This poem, the second in my sequence ‘On Reading the Commedia’, a new sequence of nine poems about the experience of reading Dante’s Divine Comedy, seems a good one to share on Holy Saturday, the day on which we think of Christ descending into Hell to bring his light and good news to the dead, as Peter says, ‘preaching to the souls in prison’. There are many ways in which we might understand that phrase in the creed ‘He descended into Hell’. Dante’s allegory suggests that at one level the hell into which Christ descends to set us free is the dark terrain of our own souls, the terrain he maps out and invites us to traverse in his Inferno.
My own poem is written in the conviction that that there is no depth or recess, no sin or secret, in me or in anyone, beyond the light of Christ, but we have to open the gate and let him come down to our depths, let his Light reveal and name and heal what we have hidden. Dante’s poem, his amazing cartography of Hell, is written to help us do that. So here is the second of my ‘Dante ‘ Sequence. As before, you can hear the poem by clicking on the ‘play’ button or the title.
The whole sequence is now collected together and published in my book The Singing Bowl which you can buy on Amazon or order from any good bookshop. You can also read and hear the whole sequence on this blog, the final poem Here contains links to all the others.

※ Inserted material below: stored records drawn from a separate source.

(* Let $G$ be a prime graph and let $A,B$ be disjoint subsets of $V(G)$ with $|A|,|B|\ge 2$. Suppose there exist nonempty sets $A_0\subseteq A$ and $B_0\subseteq B$ such that the set of all edges between $A$ and $B$ is $\{xy: x\in A_0,\ y\in B_0\}$. Let $\ell_0=3$ if $|A_0|=|B_0|=1$; $\ell_0=4$ if exactly one of $|A_0|=1$, $|B_0|=1$ holds (i.e. $|A_0|=1$ or $|B_0|=1$ but not both); and $\ell_0=6$ otherwise. Then there exists a graph $G'$ locally equivalent to $G$ such that (i) $G[A\cup B]=G'[A\cup B]$, and (ii) $G'$ has a blocking sequence for $(A,B)$ of length at most $\ell_0$.
   Context: Graphs are finite, simple, undirected. $G*v$ is local complementation at $v$; two graphs are locally equivalent if one is obtained from the other by a sequence of local complementations. A split of $G$ is a partition $(X,Y)$ of $V(G)$ with $|X|,|Y|\ge2$ such that there are $X'\subseteq X,Y'\subseteq Y$ with $x\in X$ adjacent to $y\in Y$ iff $x\in X'$ and $y\in Y'$; $G$ is prime if it has no split. For disjoint $X,Y$, $\rho^*_G(X,Y)$ is the binary rank of the adjacency submatrix with rows $X$, columns $Y$. A blocking sequence for disjoint $(A,B)$ is a sequence $v_1,\dots,v_m$ ($m\ge1$) of vertices of $V(G)\setminus(A\cup B)$ with (a) $\rho^*_G(A,B\cup\{v_1\})>\rho^*_G(A,B)$; (b) $\rho^*_G(A\cup\{v_i\},B\cup\{v_{i+1}\})>\rho^*_G(A,B)$ for $i=1,\dots,m-1$; (c) $\rho^*_G(A\cup\{v_m\},B)>\rho^*_G(A,B)$; (d) no proper subsequence satisfies (a)–(c). Its length is $m$. *)

theory Defs
  imports Main "HOL-Library.Sublist"
begin

definition graph :: "'a set \<Rightarrow> ('a \<Rightarrow> 'a \<Rightarrow> bool) \<Rightarrow> bool" where
  "graph V E \<longleftrightarrow> finite V \<and> (\<forall>x y. E x y \<longrightarrow> E y x) \<and> (\<forall>x. \<not> E x x)
     \<and> (\<forall>x y. E x y \<longrightarrow> x \<in> V \<and> y \<in> V)"

definition local_comp :: "('a \<Rightarrow> 'a \<Rightarrow> bool) \<Rightarrow> 'a \<Rightarrow> ('a \<Rightarrow> 'a \<Rightarrow> bool)" where
  "local_comp E v = (\<lambda>x y. if x \<noteq> y \<and> E v x \<and> E v y then \<not> E x y else E x y)"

Begin the song exactly where you are
For where you are contains where you have been
And holds the vision of your final sphere
And do not fear the memory of sin;
There is a light that heals, and, where it falls,
Transfigures and redeems the darkest stain
Into translucent colour. Loose the veils
And draw the curtains back, unbar the doors,
Of that dread threshold where your spirit fails,
The hopeless gate that holds in all the fears
That haunt your shadowed city, fling it wide
And open to the light that finds and fares
Through the dark pathways where you run and hide,
through all the alleys of your riddled heart,
As pierced and open as His wounded side.
Open the map to Him and make a start,
And down the dizzy spirals, through the dark
His light will go before you, let Him chart
And name and heal. Expose the hidden ache
To him, the stinging fires and smoke that blind
Your judgement, carry you away, the mirk
And muted gloom in which you cannot find
The love that you once thought worth dying for.
Call Him to all you cannot call to mind
He comes to harrow Hell and now to your
Well guarded fortress let His love descend.
The icy ego at your frozen core
Can hear His call at last. Will you respond?